Please print each record below exactly as it is written.
####
(* Let $h$ be a Hermitian $2\times2$ matrix with eigenvalues $\varepsilon_0<\varepsilon_1$, and set $H_A=H_B=h$. Let $\rho=(\rho_{ij})$ be a two-qubit density matrix (basis $|00\rangle,|01\rangle,|10\rangle,|11\rangle$). (i) Let $\mu_1\le\mu_2\le\mu_3\le\mu_4$ be the diagonal entries $\rho_{11},\dots,\rho_{44}$ in ascending order and let $P$ be a permutation matrix such that $P\rho P^\dagger$ has diagonal $(\mu_4,\mu_3,\mu_2,\mu_1)$. Then $Sub_{ic}(P\rho P^\dagger)\ge Sub_{ic}(\rho)$. (ii) Let $U$ be any $4\times4$ unitary, $\tilde\rho=U\rho U^\dagger$, let $\lambda_1^A,\lambda_1^B$ be the largest eigenvalues of $\rho_A,\rho_B$, and let $\xi_1^A,\xi_1^B$ be the largest eigenvalues of $\tilde\tau_A,\tilde\tau_B$, the reduced states of the dephased state $\tilde\tau=\mathrm{diag}(\tilde\rho_{11},\tilde\rho_{22},\tilde\rho_{33},\tilde\rho_{44})$ (equivalently, the largest diagonal entries of $\tilde\rho_A,\tilde\rho_B$). If $\xi_1^A+\xi_1^B>\lambda_1^A+\lambda_1^B$, then $Sub(\tilde\rho)>Sub(\rho)$.
   Context: Quantum battery capacity: for Hermitian $H$ on $\mathbb{C}^d$ with eigenvalues $\epsilon_0\le\dots\le\epsilon_{d-1}$ and density matrix $\rho$ with eigenvalues $\lambda_0\le\dots\le\lambda_{d-1}$, $\mathcal{C}(\rho;H)=\sum_i\epsilon_i(\lambda_i-\lambda_{d-1-i})$. For a two-qubit state $\rho$ with reduced states $\rho_A,\rho_B$: $Sub(\rho)=\mathcal{C}(\rho_A;H_A)+\mathcal{C}(\rho_B;H_B)$; the dephased state is $\tau=\mathrm{diag}(\rho_{11},\rho_{22},\rho_{33},\rho_{44})$ in the computational basis, and $Sub_{ic}(\rho)=\mathcal{C}(\tau_A;H_A)+\mathcal{C}(\tau_B;H_B)$ where $\tau_A,\tau_B$ are the reduced states of $\tau$. *)

theory Defs
  imports "Jordan_Normal_Form.Matrix" "Jordan_Normal_Form.Char_Poly"
    "HOL-Computational_Algebra.Fundamental_Theorem_Algebra"
    "HOL-Combinatorics.Permutations"
begin

definition adj :: "complex mat \<Rightarrow> complex mat" where
  "adj A = mat (dim_col A) (dim_row A) (\<lambda>(i,j). cnj (A $$ (j,i)))"

definition hermitian_mat :: "nat \<Rightarrow> complex mat \<Rightarrow> bool" where
  "hermitian_mat n A \<longleftrightarrow> A \<in> carrier_mat n n \<and> adj A = A"

definition unitary_mat :: "nat \<Rightarrow> complex mat \<Rightarrow> bool" where
  "unitary_mat n U \<longleftrightarrow> U \<in> carrier_mat n n \<and> adj U * U = 1\<^sub>m n \<and> U * adj U = 1\<^sub>m n"

definition density_mat :: "nat \<Rightarrow> complex mat \<Rightarrow> bool" where
  "density_mat n A \<longleftrightarrow> hermitian_mat n A \<and>
     (\<forall>v \<in> carrier_vec n. Im (conjugate v \<bullet> (A *\<^sub>v v)) = 0 \<and> Re (conjugate v \<bullet> (A *\<^sub>v v)) \<ge> 0) \<and>
     (\<Sum>i<n. A $$ (i,i)) = 1"

definition eigs :: "complex mat \<Rightarrow> real list" where
  "eigs A = sorted_list_of_multiset (image_mset Re (proots (char_poly A)))"

definition capacity :: "complex mat \<Rightarrow> complex mat \<Rightarrow> real" where
  "capacity \<rho> H = (let d = dim_row \<rho>; \<epsilon> = eigs H; lam = eigs \<rho> in
     (\<Sum>i<d. \<epsilon> ! i * (lam ! i - lam ! (d - 1 - i))))"

(* two-qubit partial traces; basis index 2a+b for |ab>, a = qubit A *)
definition ptrace_B :: "complex mat \<Rightarrow> complex mat" where
  "ptrace_B \<rho> = mat 2 2 (\<lambda>(i,j). \<Sum>k<2. \<rho> $$ (2*i+k, 2*j+k))"

definition ptrace_A :: "complex mat \<Rightarrow> complex mat" where
  "ptrace_A \<rho> = mat 2 2 (\<lambda>(i,j). \<Sum>k<2. \<rho> $$ (2*k+i, 2*k+j))"

(* rho_A = reduced state on A (trace out B), rho_B likewise *)
abbreviation red_A :: "complex mat \<Rightarrow> complex mat" where "red_A \<equiv> ptrace_B"
abbreviation red_B :: "complex mat \<Rightarrow> complex mat" where "red_B \<equiv> ptrace_A"

definition dephase :: "complex mat \<Rightarrow> complex mat" where
  "dephase \<rho> = mat (dim_row \<rho>) (dim_col \<rho>) (\<lambda>(i,j). if i = j then \<rho> $$ (i,i) else 0)"

definition Sub :: "complex mat \<Rightarrow> complex mat \<Rightarrow> complex mat \<Rightarrow> real" where
  "Sub HA HB \<rho> = capacity (red_A \<rho>) HA + capacity (red_B \<rho>) HB"

definition Sub_ic :: "complex mat \<Rightarrow> complex mat \<Rightarrow> complex mat \<Rightarrow> real" where
  "Sub_ic HA HB \<rho> = capacity (red_A (dephase \<rho>)) HA + capacity (red_B (dephase \<rho>)) HB"

definition perm_mat :: "nat \<Rightarrow> (nat \<Rightarrow> nat) \<Rightarrow> complex mat" where
  "perm_mat n \<sigma> = mat n n (\<lambda>(i,j). if i = \<sigma> j then 1 else 0)"

definition diag_list :: "complex mat \<Rightarrow> real list" where
  "diag_list \<rho> = map (\<lambda>i. Re (\<rho> $$ (i,i))) [0..<dim_row \<rho>]"

end

theory Submission
  imports Defs
begin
####
Solution for this task —
(* Let $h$ be a Hermitian $2\times2$ matrix with eigenvalues $\varepsilon_0<\varepsilon_1$, and set $H_A=H_B=h$. Let $\rho=(\rho_{ij})$ be a two-qubit density matrix (basis $|00\rangle,|01\rangle,|10\rangle,|11\rangle$). (i) Let $\mu_1\le\mu_2\le\mu_3\le\mu_4$ be the diagonal entries $\rho_{11},\dots,\rho_{44}$ in ascending order and let $P$ be a permutation matrix such that $P\rho P^\dagger$ has diagonal $(\mu_4,\mu_3,\mu_2,\mu_1)$. Then $Sub_{ic}(P\rho P^\dagger)\ge Sub_{ic}(\rho)$. (ii) Let $U$ be any $4\times4$ unitary, $\tilde\rho=U\rho U^\dagger$, let $\lambda_1^A,\lambda_1^B$ be the largest eigenvalues of $\rho_A,\rho_B$, and let $\xi_1^A,\xi_1^B$ be the largest eigenvalues of $\tilde\tau_A,\tilde\tau_B$, the reduced states of the dephased state $\tilde\tau=\mathrm{diag}(\tilde\rho_{11},\tilde\rho_{22},\tilde\rho_{33},\tilde\rho_{44})$ (equivalently, the largest diagonal entries of $\tilde\rho_A,\tilde\rho_B$). If $\xi_1^A+\xi_1^B>\lambda_1^A+\lambda_1^B$, then $Sub(\tilde\rho)>Sub(\rho)$.
   Context: Quantum battery capacity: for Hermitian $H$ on $\mathbb{C}^d$ with eigenvalues $\epsilon_0\le\dots\le\epsilon_{d-1}$ and density matrix $\rho$ with eigenvalues $\lambda_0\le\dots\le\lambda_{d-1}$, $\mathcal{C}(\rho;H)=\sum_i\epsilon_i(\lambda_i-\lambda_{d-1-i})$. For a two-qubit state $\rho$ with reduced states $\rho_A,\rho_B$: $Sub(\rho)=\mathcal{C}(\rho_A;H_A)+\mathcal{C}(\rho_B;H_B)$; the dephased state is $\tau=\mathrm{diag}(\rho_{11},\rho_{22},\rho_{33},\rho_{44})$ in the computational basis, and $Sub_{ic}(\rho)=\mathcal{C}(\tau_A;H_A)+\mathcal{C}(\tau_B;H_B)$ where $\tau_A,\tau_B$ are the reduced states of $\tau$. *)

theory Defs
  imports "Jordan_Normal_Form.Matrix" "Jordan_Normal_Form.Char_Poly"
    "HOL-Computational_Algebra.Fundamental_Theorem_Algebra"
    "HOL-Combinatorics.Permutations"
begin

definition adj :: "complex mat \<Rightarrow> complex mat" where
  "adj A = mat (dim_col A) (dim_row A) (\<lambda>(i,j). cnj (A $$ (j,i)))"

definition hermitian_mat :: "nat \<Rightarrow> complex mat \<Rightarrow> bool" where
  "hermitian_mat n A \<longleftrightarrow> A \<in> carrier_mat n n \<and> adj A = A"

definition unitary_mat :: "nat \<Rightarrow> complex mat \<Rightarrow> bool" where
  "unitary_mat n U \<longleftrightarrow> U \<in> carrier_mat n n \<and> adj U * U = 1\<^sub>m n \<and> U * adj U = 1\<^sub>m n"

definition density_mat :: "nat \<Rightarrow> complex mat \<Rightarrow> bool" where
  "density_mat n A \<longleftrightarrow> hermitian_mat n A \<and>
     (\<forall>v \<in> carrier_vec n. Im (conjugate v \<bullet> (A *\<^sub>v v)) = 0 \<and> Re (conjugate v \<bullet> (A *\<^sub>v v)) \<ge> 0) \<and>
     (\<Sum>i<n. A $$ (i,i)) = 1"

definition eigs :: "complex mat \<Rightarrow> real list" where
  "eigs A = sorted_list_of_multiset (image_mset Re (proots (char_poly A)))"

definition capacity :: "complex mat \<Rightarrow> complex mat \<Rightarrow> real" where
  "capacity \<rho> H = (let d = dim_row \<rho>; \<epsilon> = eigs H; lam = eigs \<rho> in
     (\<Sum>i<d. \<epsilon> ! i * (lam ! i - lam ! (d - 1 - i))))"

(* two-qubit partial traces; basis index 2a+b for |ab>, a = qubit A *)
definition ptrace_B :: "complex mat \<Rightarrow> complex mat" where
  "ptrace_B \<rho> = mat 2 2 (\<lambda>(i,j). \<Sum>k<2. \<rho> $$ (2*i+k, 2*j+k))"

definition ptrace_A :: "complex mat \<Rightarrow> complex mat" where
  "ptrace_A \<rho> = mat 2 2 (\<lambda>(i,j). \<Sum>k<2. \<rho> $$ (2*k+i, 2*k+j))"

(* rho_A = reduced state on A (trace out B), rho_B likewise *)
abbreviation red_A :: "complex mat \<Rightarrow> complex mat" where "red_A \<equiv> ptrace_B"
abbreviation red_B :: "complex mat \<Rightarrow> complex mat" where "red_B \<equiv> ptrace_A"

definition dephase :: "complex mat \<Rightarrow> complex mat" where
  "dephase \<rho> = mat (dim_row \<rho>) (dim_col \<rho>) (\<lambda>(i,j). if i = j then \<rho> $$ (i,i) else 0)"

definition Sub :: "complex mat \<Rightarrow> complex mat \<Rightarrow> complex mat \<Rightarrow> real" where
  "Sub HA HB \<rho> = capacity (red_A \<rho>) HA + capacity (red_B \<rho>) HB"

definition Sub_ic :: "complex mat \<Rightarrow> complex mat \<Rightarrow> complex mat \<Rightarrow> real" where
  "Sub_ic HA HB \<rho> = capacity (red_A (dephase \<rho>)) HA + capacity (red_B (dephase \<rho>)) HB"

definition perm_mat :: "nat \<Rightarrow> (nat \<Rightarrow> nat) \<Rightarrow> complex mat" where
  "perm_mat n \<sigma> = mat n n (\<lambda>(i,j). if i = \<sigma> j then 1 else 0)"

definition diag_list :: "complex mat \<Rightarrow> real list" where
  "diag_list \<rho> = map (\<lambda>i. Re (\<rho> $$ (i,i))) [0..<dim_row \<rho>]"

end

theory Submission
  imports Defs
begin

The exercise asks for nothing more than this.